--- Given data ---
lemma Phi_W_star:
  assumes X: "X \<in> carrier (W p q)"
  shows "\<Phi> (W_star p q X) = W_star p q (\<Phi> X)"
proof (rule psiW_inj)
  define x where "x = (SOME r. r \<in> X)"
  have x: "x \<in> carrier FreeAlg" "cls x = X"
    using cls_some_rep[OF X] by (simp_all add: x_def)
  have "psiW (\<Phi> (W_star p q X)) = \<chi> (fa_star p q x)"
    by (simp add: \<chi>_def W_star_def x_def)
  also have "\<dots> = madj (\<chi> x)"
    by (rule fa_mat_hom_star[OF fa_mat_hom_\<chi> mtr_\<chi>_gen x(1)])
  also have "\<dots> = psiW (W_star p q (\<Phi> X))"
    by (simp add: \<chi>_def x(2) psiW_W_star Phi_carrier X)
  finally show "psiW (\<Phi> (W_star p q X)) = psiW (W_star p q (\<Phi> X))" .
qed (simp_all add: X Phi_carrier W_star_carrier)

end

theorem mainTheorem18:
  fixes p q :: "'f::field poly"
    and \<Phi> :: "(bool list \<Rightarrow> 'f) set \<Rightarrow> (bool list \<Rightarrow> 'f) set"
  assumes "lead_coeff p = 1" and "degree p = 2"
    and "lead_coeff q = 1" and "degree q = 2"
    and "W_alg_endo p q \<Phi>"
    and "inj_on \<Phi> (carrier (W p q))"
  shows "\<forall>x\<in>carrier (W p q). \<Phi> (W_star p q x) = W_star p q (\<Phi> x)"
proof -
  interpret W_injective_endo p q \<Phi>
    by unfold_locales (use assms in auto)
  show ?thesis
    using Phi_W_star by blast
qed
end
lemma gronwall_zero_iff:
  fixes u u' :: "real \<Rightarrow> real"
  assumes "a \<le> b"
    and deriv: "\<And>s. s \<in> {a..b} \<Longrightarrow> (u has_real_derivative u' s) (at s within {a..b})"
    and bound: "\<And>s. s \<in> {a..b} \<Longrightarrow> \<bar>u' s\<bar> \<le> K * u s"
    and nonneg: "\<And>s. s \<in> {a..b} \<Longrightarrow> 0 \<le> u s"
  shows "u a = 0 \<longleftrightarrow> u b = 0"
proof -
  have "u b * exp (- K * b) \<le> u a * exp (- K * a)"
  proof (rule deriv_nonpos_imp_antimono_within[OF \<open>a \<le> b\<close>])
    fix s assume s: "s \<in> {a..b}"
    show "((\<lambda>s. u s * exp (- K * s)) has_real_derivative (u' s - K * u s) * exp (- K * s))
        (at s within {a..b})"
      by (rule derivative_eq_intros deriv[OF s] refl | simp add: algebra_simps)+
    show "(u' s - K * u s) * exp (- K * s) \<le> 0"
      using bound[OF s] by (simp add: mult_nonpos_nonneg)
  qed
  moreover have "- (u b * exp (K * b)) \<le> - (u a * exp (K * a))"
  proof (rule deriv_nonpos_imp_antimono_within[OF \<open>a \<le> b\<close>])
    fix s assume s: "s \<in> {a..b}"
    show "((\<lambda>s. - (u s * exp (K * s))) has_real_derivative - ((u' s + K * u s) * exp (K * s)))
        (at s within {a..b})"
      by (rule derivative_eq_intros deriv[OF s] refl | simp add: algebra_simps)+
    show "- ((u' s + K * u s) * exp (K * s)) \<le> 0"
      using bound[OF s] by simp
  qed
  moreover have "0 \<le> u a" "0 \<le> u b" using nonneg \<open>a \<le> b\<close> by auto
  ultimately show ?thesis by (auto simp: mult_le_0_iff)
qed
---
Task directions = Reproduce the data above in full. Leave nothing out.

Answer section =
lemma Phi_W_star:
  assumes X: "X \<in> carrier (W p q)"
  shows "\<Phi> (W_star p q X) = W_star p q (\<Phi> X)"
proof (rule psiW_inj)
  define x where "x = (SOME r. r \<in> X)"
  have x: "x \<in> carrier FreeAlg" "cls x = X"
    using cls_some_rep[OF X] by (simp_all add: x_def)
  have "psiW (\<Phi> (W_star p q X)) = \<chi> (fa_star p q x)"
    by (simp add: \<chi>_def W_star_def x_def)
  also have "\<dots> = madj (\<chi> x)"
    by (rule fa_mat_hom_star[OF fa_mat_hom_\<chi> mtr_\<chi>_gen x(1)])
  also have "\<dots> = psiW (W_star p q (\<Phi> X))"
    by (simp add: \<chi>_def x(2) psiW_W_star Phi_carrier X)
  finally show "psiW (\<Phi> (W_star p q X)) = psiW (W_star p q (\<Phi> X))" .
qed (simp_all add: X Phi_carrier W_star_carrier)

end

theorem mainTheorem18:
  fixes p q :: "'f::field poly"
    and \<Phi> :: "(bool list \<Rightarrow> 'f) set \<Rightarrow> (bool list \<Rightarrow> 'f) set"
  assumes "lead_coeff p = 1" and "degree p = 2"
    and "lead_coeff q = 1" and "degree q = 2"
    and "W_alg_endo p q \<Phi>"
    and "inj_on \<Phi> (carrier (W p q))"
  shows "\<forall>x\<in>carrier (W p q). \<Phi> (W_star p q x) = W_star p q (\<Phi> x)"
proof -
  interpret W_injective_endo p q \<Phi>
    by unfold_locales (use assms in auto)
  show ?thesis
    using Phi_W_star by blast
qed
end
lemma gronwall_zero_iff:
  fixes u u' :: "real \<Rightarrow> real"
  assumes "a \<le> b"
    and deriv: "\<And>s. s \<in> {a..b} \<Longrightarrow> (u has_real_derivative u' s) (at s within {a..b})"
    and bound: "\<And>s. s \<in> {a..b} \<Longrightarrow> \<bar>u' s\<bar> \<le> K * u s"
    and nonneg: "\<And>s. s \<in> {a..b} \<Longrightarrow> 0 \<le> u s"
  shows "u a = 0 \<longleftrightarrow> u b = 0"
proof -
  have "u b * exp (- K * b) \<le> u a * exp (- K * a)"
  proof (rule deriv_nonpos_imp_antimono_within[OF \<open>a \<le> b\<close>])
    fix s assume s: "s \<in> {a..b}"
    show "((\<lambda>s. u s * exp (- K * s)) has_real_derivative (u' s - K * u s) * exp (- K * s))
        (at s within {a..b})"
      by (rule derivative_eq_intros deriv[OF s] refl | simp add: algebra_simps)+
    show "(u' s - K * u s) * exp (- K * s) \<le> 0"
      using bound[OF s] by (simp add: mult_nonpos_nonneg)
  qed
  moreover have "- (u b * exp (K * b)) \<le> - (u a * exp (K * a))"
  proof (rule deriv_nonpos_imp_antimono_within[OF \<open>a \<le> b\<close>])
    fix s assume s: "s \<in> {a..b}"
    show "((\<lambda>s. - (u s * exp (K * s))) has_real_derivative - ((u' s + K * u s) * exp (K * s)))
        (at s within {a..b})"
      by (rule derivative_eq_intros deriv[OF s] refl | simp add: algebra_simps)+
    show "- ((u' s + K * u s) * exp (K * s)) \<le> 0"
      using bound[OF s] by simp
  qed
  moreover have "0 \<le> u a" "0 \<le> u b" using nonneg \<open>a \<le> b\<close> by auto
  ultimately show ?thesis by (auto simp: mult_le_0_iff)
qed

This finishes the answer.